**** Data for processing ****

(* Let $d_1,\ldots,d_n\in\mathbb C[t,u]$ be the singular factors of $\phi$ and let $\psi:\mathbb P^1\to\mathbb P^1$, $(t':u')\mapsto(\alpha t'+\beta u':\delta t'+\gamma u')$ with $\alpha\gamma-\beta\delta\ne0$, be a linear change of coordinates, with associated graded ring isomorphism $\psi^\sharp:\mathbb C[t,u]\to\mathbb C[t',u']$, $t\mapsto(\gamma t'-\beta u')/(\alpha\gamma-\beta\delta)$, $u\mapsto(\delta t'-\alpha u')/(\alpha\gamma-\beta\delta)$. Then $\psi^\sharp(d_1),\ldots,\psi^\sharp(d_n)$ are the singular factors of the parameterization $\phi\circ\psi$ of $\mathcal C$.
   Context: Let $a,b,c\in\mathbb C[s,v]$ be homogeneous of the same degree $n\ge3$, $\gcd(a,b,c)=1$, with $\phi=(a:b:c):\mathbb P^1\to\mathbb P^2$ birational onto its image $\mathcal C$. A $\mu$-basis is a homogeneous basis $p,q$ (degrees $\mu\le n-\mu$) of the free syzygy module of $(a,b,c)$; $p_\phi(s,v;t,u)=\sum_ip_i(s,v)\,\phi_i(t,u)$, $q_\phi(s,v;t,u)=\sum_iq_i(s,v)\,\phi_i(t,u)$ where $(\phi_1,\phi_2,\phi_3)=(a,b,c)$. $S_{p_\phi,q_\phi}(t,u)$ is their $n\times n$ Sylvester matrix with respect to $(s,v)$. The singular factors of $\phi$ are homogeneous $d_1,\ldots,d_n\in\mathbb C[t,u]$ such that for each $i$, $d_n^{n-i+1}\cdots d_{i+1}^2d_i$ equals (up to nonzero constant) the gcd of the $(n+1-i)$-minors of $S_{p_\phi,q_\phi}(t,u)$. *)

theory Defs
  imports "HOL-Computational_Algebra.Polynomial" "Jordan_Normal_Form.Determinant"
    "Jordan_Normal_Form.DL_Submatrix"
begin
lemma sum_power2_eq_iff_two_valued:
  fixes f :: "'b \<Rightarrow> int" and q :: int
  assumes "finite A"
  shows "(\<Sum>a\<in>A. (f a)\<^sup>2) = (2 * q + 1) * sum f A - int (card A) * q * (q + 1)
    \<longleftrightarrow> (\<forall>a\<in>A. f a = q \<or> f a = q + 1)"
proof -
  have consecutive_nonneg: "0 \<le> (k - q) * (k - q - 1)" for k :: int
    by (cases "k \<le> q") (auto intro: mult_nonpos_nonpos mult_nonneg_nonneg)
  have "(\<Sum>a\<in>A. (f a - q) * (f a - q - 1)) = (\<Sum>a\<in>A. (f a)\<^sup>2 - (2 * q + 1) * f a + q * (q + 1))"
    by (intro sum.cong) (simp_all add: power2_eq_square algebra_simps)
  also have "\<dots> = (\<Sum>a\<in>A. (f a)\<^sup>2) - (2 * q + 1) * sum f A + int (card A) * q * (q + 1)"
    by (simp add: sum.distrib sum_subtractf sum_distrib_left)
  finally have "(\<Sum>a\<in>A. (f a)\<^sup>2) = (2 * q + 1) * sum f A - int (card A) * q * (q + 1)
      \<longleftrightarrow> (\<Sum>a\<in>A. (f a - q) * (f a - q - 1)) = 0"
    by linarith
  also have "\<dots> \<longleftrightarrow> (\<forall>a\<in>A. (f a - q) * (f a - q - 1) = 0)"
    using assms consecutive_nonneg by (simp add: sum_nonneg_eq_0_iff)
  also have "\<dots> \<longleftrightarrow> (\<forall>a\<in>A. f a = q \<or> f a = q + 1)"
    by auto
  finally show ?thesis .
qed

****

**Try it**
Wherever a line above contains the string "factors", copy that line.

**Answer space**
(* Let $d_1,\ldots,d_n\in\mathbb C[t,u]$ be the singular factors of $\phi$ and let $\psi:\mathbb P^1\to\mathbb P^1$, $(t':u')\mapsto(\alpha t'+\beta u':\delta t'+\gamma u')$ with $\alpha\gamma-\beta\delta\ne0$, be a linear change of coordinates, with associated graded ring isomorphism $\psi^\sharp:\mathbb C[t,u]\to\mathbb C[t',u']$, $t\mapsto(\gamma t'-\beta u')/(\alpha\gamma-\beta\delta)$, $u\mapsto(\delta t'-\alpha u')/(\alpha\gamma-\beta\delta)$. Then $\psi^\sharp(d_1),\ldots,\psi^\sharp(d_n)$ are the singular factors of the parameterization $\phi\circ\psi$ of $\mathcal C$.
   Context: Let $a,b,c\in\mathbb C[s,v]$ be homogeneous of the same degree $n\ge3$, $\gcd(a,b,c)=1$, with $\phi=(a:b:c):\mathbb P^1\to\mathbb P^2$ birational onto its image $\mathcal C$. A $\mu$-basis is a homogeneous basis $p,q$ (degrees $\mu\le n-\mu$) of the free syzygy module of $(a,b,c)$; $p_\phi(s,v;t,u)=\sum_ip_i(s,v)\,\phi_i(t,u)$, $q_\phi(s,v;t,u)=\sum_iq_i(s,v)\,\phi_i(t,u)$ where $(\phi_1,\phi_2,\phi_3)=(a,b,c)$. $S_{p_\phi,q_\phi}(t,u)$ is their $n\times n$ Sylvester matrix with respect to $(s,v)$. The singular factors of $\phi$ are homogeneous $d_1,\ldots,d_n\in\mathbb C[t,u]$ such that for each $i$, $d_n^{n-i+1}\cdots d_{i+1}^2d_i$ equals (up to nonzero constant) the gcd of the $(n+1-i)$-minors of $S_{p_\phi,q_\phi}(t,u)$. *)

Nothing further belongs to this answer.